[[ Input for this task, beginning ]]
lemma lift_in_V: "m \<in> Bij \<Omega> \<Longrightarrow> x \<in> V \<Longrightarrow> lift m x \<in> V"
  unfolding lift_def using follow_address(3) map_alternate_in_addresses address_in_addresses by blast

lemma lift_VO_iff: "m \<in> Bij \<Omega> \<Longrightarrow> x \<in> V \<Longrightarrow> lift m x \<in> VO \<longleftrightarrow> x \<in> VO"
  unfolding lift_def using follow_address(4)[OF map_alternate_in_addresses[OF _ address_in_addresses]]
    VO_iff_even_address by simp

lemma lift_root: "lift m v0 = v0"
  using path_self[OF root_in_V] unfolding lift_def address_def vertex_at_def by simp

lemma lift_compose:
  assumes "m1 \<in> Bij \<Omega>" "m2 \<in> Bij \<Omega>" "x \<in> V"
  shows "lift (compose \<Omega> m1 m2) x = lift m1 (lift m2 x)"
  using address_lift[OF assms(2,3)] map_alternate_compose[of m2 \<Omega> \<Delta> True "address x" m1]
    Bij_inj_on_image[OF assms(2)] address_in_addresses[OF assms(3)]
  unfolding lift_def[of m1] lift_def[of "compose \<Omega> m1 m2"] addresses_def by simp

lemma lift_id: "x \<in> V \<Longrightarrow> lift (\<lambda>a\<in>\<Omega>. a) x = x"
  unfolding lift_def using map_alternate_id address_in_addresses vertex_at_address
  unfolding addresses_def by fastforce

lemma lift_inv:
  assumes "m \<in> Bij \<Omega>" "x \<in> V"
  shows "lift m (lift (inv\<^bsub>BijGroup \<Omega>\<^esub> m) x) = x" "lift (inv\<^bsub>BijGroup \<Omega>\<^esub> m) (lift m x) = x"
proof -
  interpret B: group "BijGroup \<Omega>" by (rule group_BijGroup)
  have m: "m \<in> carrier (BijGroup \<Omega>)" using assms by simp
  have inv: "inv\<^bsub>BijGroup \<Omega>\<^esub> m \<in> Bij \<Omega>" using B.inv_closed[OF m] by simp
  have "compose \<Omega> m (inv\<^bsub>BijGroup \<Omega>\<^esub> m) = (\<lambda>a\<in>\<Omega>. a)" "compose \<Omega> (inv\<^bsub>BijGroup \<Omega>\<^esub> m) m = (\<lambda>a\<in>\<Omega>. a)"
    using B.r_inv[OF m] B.l_inv[OF m] BijGroup_mult[OF assms(1) inv] BijGroup_mult[OF inv assms(1)]
    by simp_all
  then show "lift m (lift (inv\<^bsub>BijGroup \<Omega>\<^esub> m) x) = x" "lift (inv\<^bsub>BijGroup \<Omega>\<^esub> m) (lift m x) = x"
    using lift_compose[OF assms(1) inv assms(2)] lift_compose[OF inv assms(1,2)] lift_id[OF assms(2)]
    by simp_all
qed

lemma bij_betw_lift:
  assumes "m \<in> Bij \<Omega>"
  shows "bij_betw (lift m) V V"
proof -
  have "inv\<^bsub>BijGroup \<Omega>\<^esub> m \<in> Bij \<Omega>"
    using group.inv_closed[OF group_BijGroup] assms by fastforce
  then show ?thesis
    by (intro bij_betw_byWitness[of V "lift (inv\<^bsub>BijGroup \<Omega>\<^esub> m)"])
      (use lift_inv[OF assms] lift_in_V assms in auto)
qed

lemma lift_child:
  assumes m: "m \<in> Bij \<Omega>" and x: "x \<in> V" and e: "E x u" and child: "path v0 u = path v0 x @ [u]"
  shows "lift m u = nbr (lift m x) (if x \<in> VO then m (c (x, u)) else c (x, u))"
    "(if x \<in> VO then m (c (x, u)) else c (x, u)) \<in> colours (lift m x)"
proof -
  let ?a = "c (x, u)"
  have "address u = address x @ [?a]"
    unfolding address_def child
    using arc_colours_append_single[OF path_nonempty[OF root_in_V x]] path_last[OF root_in_V x] by simp
  then show "lift m u = nbr (lift m x) (if x \<in> VO then m ?a else ?a)"
    using VO_iff_even_address[OF x] unfolding lift_def vertex_at_def
    by (simp add: map_alternate_append_single follow_append_single)
  show "(if x \<in> VO then m ?a else ?a) \<in> colours (lift m x)"
    using colour_in_colours[OF e] Bij_inj_on_image[OF m] lift_VO_iff[OF m x]
    unfolding colours_def by auto
qed

lemma lift_adj:
  assumes m: "m \<in> Bij \<Omega>" and e: "E x y"
  shows "E (lift m x) (lift m y)"
proof -
  have "x \<in> V" "y \<in> V" using adj_in_V e by auto
  then consider "path v0 y = path v0 x @ [y]" | "path v0 x = path v0 y @ [x]"
    using path_adjacent_cases[OF root_in_V e] by blast
  then show ?thesis
  proof cases
    case 1
    then show ?thesis
      using lift_child[OF m \<open>x \<in> V\<close> e] nbr_adj[OF lift_in_V[OF m \<open>x \<in> V\<close>]] by simp
  next
    case 2
    then show ?thesis
      using lift_child[OF m \<open>y \<in> V\<close> adj_sym[OF e]] nbr_adj[OF lift_in_V[OF m \<open>y \<in> V\<close>]] adj_sym by simp
  qed
qed

lemma colour_lift:
  assumes m: "m \<in> Bij \<Omega>" and x: "x \<in> V" and a: "a \<in> colours x"
  shows "c (lift m x, lift m (nbr x a)) = (if x \<in> VO then m a else a)"
proof -
  let ?u = "nbr x a"
  have e: "E x ?u" "c (x, ?u) = a" using nbr_adj[OF x a] colour_nbr[OF x a] by auto
  have u: "?u \<in> V" using adj_in_V e by blast
  consider "path v0 ?u = path v0 x @ [?u]" | "path v0 x = path v0 ?u @ [x]"
    using path_adjacent_cases[OF root_in_V e(1)] by blast
  then show ?thesis
  proof cases
    case 1
    then show ?thesis
      using lift_child[OF m x e(1)] nbr_adj[OF lift_in_V[OF m x]] colour_nbr[OF lift_in_V[OF m x]] e(2)
      by simp
  next
    case 2
    \<comment> \<open>Towards the root the arc colour is the in-colour of the parent, the last letter of its address.\<close>
    have lhs: "c (lift m x, lift m ?u) = in_colour (lift m ?u)"
      using colour_eq_in_colour[OF lift_adj[OF m e(1)]] .
    have a_in: "a = in_colour ?u" using colour_eq_in_colour[OF e(1)] e(2) by simp
    have address_x: "address x = address ?u @ [c (?u, x)]"
      unfolding address_def 2
      using arc_colours_append_single[OF path_nonempty[OF root_in_V u]] path_last[OF root_in_V u] by simp
    show ?thesis
    proof (cases "address ?u = []")
      case True
      then have "?u = v0" using vertex_at_address[OF u] unfolding vertex_at_def by simp
      moreover have "x \<notin> VO" using adj_VO_iff[OF e(1)] root_in_VO calculation by blast
      ultimately show ?thesis using lhs a_in lift_root by simp
    next
      case False
      then obtain w d where wd: "address ?u = w @ [d]" by (metis rev_exhaust)
      have "in_colour (lift m ?u) = last (map_alternate m True (address ?u))"
        using in_colour_eq_last_address[OF lift_in_V[OF m u]] address_lift[OF m u] False
        by (metis length_0_conv length_map_alternate)
      also have "\<dots> = (if even (length w) then m d else d)"
        using wd by (simp add: map_alternate_append_single)
      finally show ?thesis
        using lhs a_in in_colour_eq_last_address[OF u False] wd VO_iff_even_address[OF x] address_x
        by simp
    qed
  qed
qed

lemma lift_in_tree_aut:
  assumes m: "m \<in> Bij \<Omega>"
  shows "lift m \<in> tree_aut V E"
proof -
  have "inv\<^bsub>BijGroup \<Omega>\<^esub> m \<in> Bij \<Omega>"
    using group.inv_closed[OF group_BijGroup] m by fastforce
  then have "E u v \<longleftrightarrow> E (lift m u) (lift m v)" if "u \<in> V" "v \<in> V" for u v
    using lift_adj[OF m, of u v] lift_adj[of "inv\<^bsub>BijGroup \<Omega>\<^esub> m" "lift m u" "lift m v"]
      lift_inv(2)[OF m] that
    by auto
  then show ?thesis
    unfolding tree_aut_def using bij_betw_lift[OF m] by simp
qed

lemma lift_image_VO:
  assumes m: "m \<in> Bij \<Omega>"
  shows "lift m ` VO = VO"
proof
  show "lift m ` VO \<subseteq> VO" using lift_VO_iff[OF m] VO_in_V by blast
  show "VO \<subseteq> lift m ` VO"
  proof
    fix x assume x: "x \<in> VO"
    have "inv\<^bsub>BijGroup \<Omega>\<^esub> m \<in> Bij \<Omega>"
      using group.inv_closed[OF group_BijGroup] m by fastforce
    then have "lift (inv\<^bsub>BijGroup \<Omega>\<^esub> m) x \<in> VO"
      using lift_VO_iff VO_in_V[OF x] x by blast
    then show "x \<in> lift m ` VO"
      using lift_inv(1)[OF m VO_in_V[OF x]] by (metis image_eqI)
  qed
qed

lemma local_action_lift:
  assumes m: "m \<in> Bij \<Omega>" and x: "x \<in> V"
  shows "local_action (colours x) E c (lift m) x = (if x \<in> VO then m else (\<lambda>a\<in>\<Delta>. a))"
proof (rule ext)
  fix a
  show "local_action (colours x) E c (lift m) x a = (if x \<in> VO then m else (\<lambda>a\<in>\<Delta>. a)) a"
  proof (cases "a \<in> colours x")
    case True
    then show ?thesis
      using local_action_apply[OF True] colour_lift[OF m x True] unfolding colours_def by auto
  next
    case False
    then show ?thesis
      using m unfolding colours_def local_action_def by (auto simp: Bij_def extensional_def)
  qed
qed

lemma lift_in_U:
  assumes M: "perm_group \<Omega> M" and N: "perm_group \<Delta> N" and m: "m \<in> M"
  shows "lift m \<in> U M N"
proof -
  have mB: "m \<in> Bij \<Omega>" using perm_group_subset_Bij[OF M] m by blast
  show ?thesis
    using lift_in_tree_aut[OF mB] lift_image_VO[OF mB] local_action_lift[OF mB] m perm_group_id[OF N]
    by (intro U_groupI) auto
qed

lemma restrict_lift_hom:
  assumes M: "perm_group \<Omega> M" and N: "perm_group \<Delta> N"
  shows "(\<lambda>m. restrict (lift m) VD) \<in> hom (pgrp \<Omega> M) (box_product \<Omega> \<Delta> M N V E VO VD c)"
proof (rule homI)
  fix m assume "m \<in> carrier (pgrp \<Omega> M)"
  then show "restrict (lift m) VD \<in> carrier (box_product \<Omega> \<Delta> M N V E VO VD c)"
    using lift_in_U[OF M N] by (simp add: pgrp_def box_product_def box_product_set_def)
next
  fix m1 m2 assume "m1 \<in> carrier (pgrp \<Omega> M)" "m2 \<in> carrier (pgrp \<Omega> M)"
  then have m: "m1 \<in> M" "m2 \<in> M" by (simp_all add: pgrp_def)
  then have mB: "m1 \<in> Bij \<Omega>" "m2 \<in> Bij \<Omega>" using perm_group_subset_Bij[OF M] by auto
  have "restrict (lift (compose \<Omega> m1 m2)) VD = compose VD (restrict (lift m1) VD) (restrict (lift m2) VD)"
  proof (rule ext)
    fix x
    show "restrict (lift (compose \<Omega> m1 m2)) VD x = compose VD (restrict (lift m1) VD) (restrict (lift m2) VD) x"
    proof (cases "x \<in> VD")
      case True
      then have "lift m2 x \<in> VD" using U_group_image_VD[OF lift_in_U[OF M N m(2)]] by blast
      then show ?thesis using True lift_compose[OF mB VD_in_V[OF True]] by (simp add: compose_def)
    qed (simp add: compose_def)
  qed
  then show "restrict (lift (m1 \<otimes>\<^bsub>pgrp \<Omega> M\<^esub> m2)) VD
      = restrict (lift m1) VD \<otimes>\<^bsub>box_product \<Omega> \<Delta> M N V E VO VD c\<^esub> restrict (lift m2) VD"
    using mB restrict_VD_in_Bij[OF lift_in_U[OF M N m(1)]] restrict_VD_in_Bij[OF lift_in_U[OF M N m(2)]]
    by (simp add: pgrp_def box_product_def BijGroup_mult)
qed

lemma restrict_lift_nontrivial:
  assumes "nontrivial_perm_group \<Omega> M"
  obtains m where "m \<in> M" "restrict (lift m) VD \<noteq> (\<lambda>x\<in>VD. x)"
proof -
  have M: "perm_group \<Omega> M" using assms unfolding nontrivial_perm_group_def by simp
  then obtain m where m: "m \<in> M" "m \<noteq> (\<lambda>a\<in>\<Omega>. a)"
    using assms perm_group_id unfolding nontrivial_perm_group_def by fastforce
  have mB: "m \<in> Bij \<Omega>" using perm_group_subset_Bij[OF M] m(1) by blast
  have "\<exists>a\<in>\<Omega>. m a \<noteq> a"
    using m(2) mB unfolding Bij_def by (fastforce simp: extensional_def fun_eq_iff)
  then obtain a where a: "a \<in> \<Omega>" "m a \<noteq> a" by blast
  then have aS: "a \<in> colours v0" using colours_VO[OF root_in_VO] by simp
  let ?u = "nbr v0 a"
  have "?u \<in> VD"
    using adj_bipartite nbr_adj[OF root_in_V aS] root_in_VO VO_inter_VD by blast
  moreover have "lift m ?u \<noteq> ?u"
    using colour_lift[OF mB root_in_V aS] lift_root root_in_VO colour_nbr[OF root_in_V aS] a(2) by force
  ultimately have "restrict (lift m) VD ?u \<noteq> (\<lambda>x\<in>VD. x) ?u" by simp
  then show ?thesis using that m(1) by metis
qed

end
[[ Input for this task, end ]]
» Instructions to follow:
What do the lines above say from the one containing "adj_in_V e by auto" down to the one containing "v0 ?u = path"? Return them exactly, both end lines included, and only them.

» Expected answer:
  have "x \<in> V" "y \<in> V" using adj_in_V e by auto
  then consider "path v0 y = path v0 x @ [y]" | "path v0 x = path v0 y @ [x]"
    using path_adjacent_cases[OF root_in_V e] by blast
  then show ?thesis
  proof cases
    case 1
    then show ?thesis
      using lift_child[OF m \<open>x \<in> V\<close> e] nbr_adj[OF lift_in_V[OF m \<open>x \<in> V\<close>]] by simp
  next
    case 2
    then show ?thesis
      using lift_child[OF m \<open>y \<in> V\<close> adj_sym[OF e]] nbr_adj[OF lift_in_V[OF m \<open>y \<in> V\<close>]] adj_sym by simp
  qed
qed

lemma colour_lift:
  assumes m: "m \<in> Bij \<Omega>" and x: "x \<in> V" and a: "a \<in> colours x"
  shows "c (lift m x, lift m (nbr x a)) = (if x \<in> VO then m a else a)"
proof -
  let ?u = "nbr x a"
  have e: "E x ?u" "c (x, ?u) = a" using nbr_adj[OF x a] colour_nbr[OF x a] by auto
  have u: "?u \<in> V" using adj_in_V e by blast
  consider "path v0 ?u = path v0 x @ [?u]" | "path v0 x = path v0 ?u @ [x]"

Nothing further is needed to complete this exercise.